1. Field of the Invention
The present invention generally relates to the field of visualizing dynamic graphs and in particular to a method and an apparatus for animating transitions among a dynamic graph series.
2. Description of Related Art
Dynamic graphs, compared with static graphs, are changed over time. Graph elements (nodes/edges) will be added or removed or their attributes will be changed dynamically. The major purpose of visualizing dynamic graphs is to facilitate disclosing the change patterns along the time dimension. This will expose the essence of the graphs or network evolutions such as the evolutions of social communities in a social network.

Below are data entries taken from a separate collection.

lemma comparison_thin_hinge:
  assumes thin: "comparison_thin k a b d s"
    and "0 \<le> a" "0 \<le> b" "0 \<le> s" and r: "0 \<le> r" "r \<le> 1"
    and small: "k > 0 \<Longrightarrow> sqrt k * (a * s) \<le> pi \<and> sqrt k * (b * s) \<le> pi"
    and CS: "C\<^sup>2 + S\<^sup>2 = 1"
    and side: "model_dist k (model_point k (a * s) 1 0) (model_point k (b * s) C S) = d s"
  shows "d (r * s) \<le> model_dist k (model_point k (r * (a * s)) 1 0) (model_point k (r * (b * s)) C S)"
proof -
  have unit: "(1::real)\<^sup>2 + 0\<^sup>2 = 1" by simp
  have dist_on_ray: "model_dist k (model_point k t C' S') (model_point k u C' S') = \<bar>t - u\<bar>"
    if "C'\<^sup>2 + S'\<^sup>2 = 1" "t \<in> {0..x}" "u \<in> {0..x}" "k > 0 \<Longrightarrow> sqrt k * x \<le> pi"
    for t u x C' S'
  proof (rule model_dist_model_point_same_direction[OF that(1)])
    assume "k > 0"
    have "sqrt k * \<bar>t - u\<bar> \<le> sqrt k * x" using that \<open>k > 0\<close> by (intro mult_left_mono) auto
    also have "\<dots> \<le> pi" using \<open>k > 0\<close> that(4) by auto
    finally show "sqrt k * \<bar>t - u\<bar> \<le> pi" .
  qed
  have ra: "r * (a * s) \<in> {0..a * s}" and rb: "r * (b * s) \<in> {0..b * s}"
    and a0: "0 \<in> {0..a * s}" "a * s \<in> {0..a * s}" and b0: "0 \<in> {0..b * s}" "b * s \<in> {0..b * s}"
    using assms(2-6) by (auto intro: mult_left_le_one_le)
  have V: "model_point k 0 C S = model_point k 0 1 0" by (rule model_point_zero)
  have small_a: "k > 0 \<Longrightarrow> sqrt k * (a * s) \<le> pi" and small_b: "k > 0 \<Longrightarrow> sqrt k * (b * s) \<le> pi"
    using small by auto
  have "model_dist k (model_point k 0 1 0) (model_point k (a * s) 1 0) = a * s"
    and "model_dist k (model_point k 0 1 0) (model_point k (r * (a * s)) 1 0) = r * (a * s)"
    and "model_dist k (model_point k (r * (a * s)) 1 0) (model_point k (a * s) 1 0) = (1 - r) * (a * s)"
    using dist_on_ray[OF unit a0(1) a0(2) small_a] dist_on_ray[OF unit a0(1) ra small_a]
      dist_on_ray[OF unit ra a0(2) small_a] ra
    by (auto simp: algebra_simps)
  moreover have "model_dist k (model_point k (b * s) C S) (model_point k 0 1 0) = b * s"
    and "model_dist k (model_point k (b * s) C S) (model_point k (r * (b * s)) C S) = (1 - r) * (b * s)"
    and "model_dist k (model_point k (r * (b * s)) C S) (model_point k 0 1 0) = r * (b * s)"
    using dist_on_ray[OF CS b0(2) b0(1) small_b] dist_on_ray[OF CS b0(2) rb small_b]
      dist_on_ray[OF CS rb b0(1) small_b] rb V
    by (auto simp: algebra_simps)
  ultimately show ?thesis
    using thin[unfolded comparison_thin_def, rule_format,
        of "model_point k 0 1 0" "model_point k (a * s) 1 0" "model_point k (b * s) C S"
           "model_point k (r * (a * s)) 1 0" "model_point k (r * (b * s)) C S" r]
    using r side by (simp add: model_point_in_model_carrier[OF unit] model_point_in_model_carrier[OF CS])
qed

Many challenges exist in dynamic graph visualization. One of the most important challenges is to smoothly transit graph changes between different time frames to keep users' focus. In particular, graph changes may be further classified into the following categories: 1. graph change due to removal of an element; 2. graph change due to addition of an element; and 3. graph change due to change of an attribute of an existing element. Removing or adding elements in a dynamic graph will directly change the topology. It is a significant change in a graph. Without any animated transitions, users might lose their focus and are confused about the sudden graph change. While the third type of graph change will be slighter, and it usually leads to the moving of the elements.
To visualize the above graph changes while preserving the user's mental map, several animating methods have been designed by dynamic graph visualization systems in the prior art. The latest and most powerful system is Sonia (see http://sonia.stanford.edu). The system provides a total solution of dynamic graph visualization including animated transition. In the system, edge driven animation is used to smoothly transit both the topology changes and attribute changes. All the nodes are initially laid out on the display (the isolated nodes are usually laid out on a circle). Edges are dynamically added or removed between nodes. The added or removed edges will drag two connected nodes together or release these nodes to their initial positions. The edge lengths are in inverse ratio to the edge weights. The changing of edge weights will lead to the movements of the connected nodes. The nodes are moved along a straight line path when animating. It is quite efficient and clear when the number of the changed elements is small. However, when the number of the changed elements is large, this edge driven transition method may produce visual clutter due to long moving distances of the nodes and a tendency that the moved elements are likely to overlap. Furthermore, in most cases, node elements are also added into or removed from the dynamic graph frequently. The edge driven animated transition method will not be enough.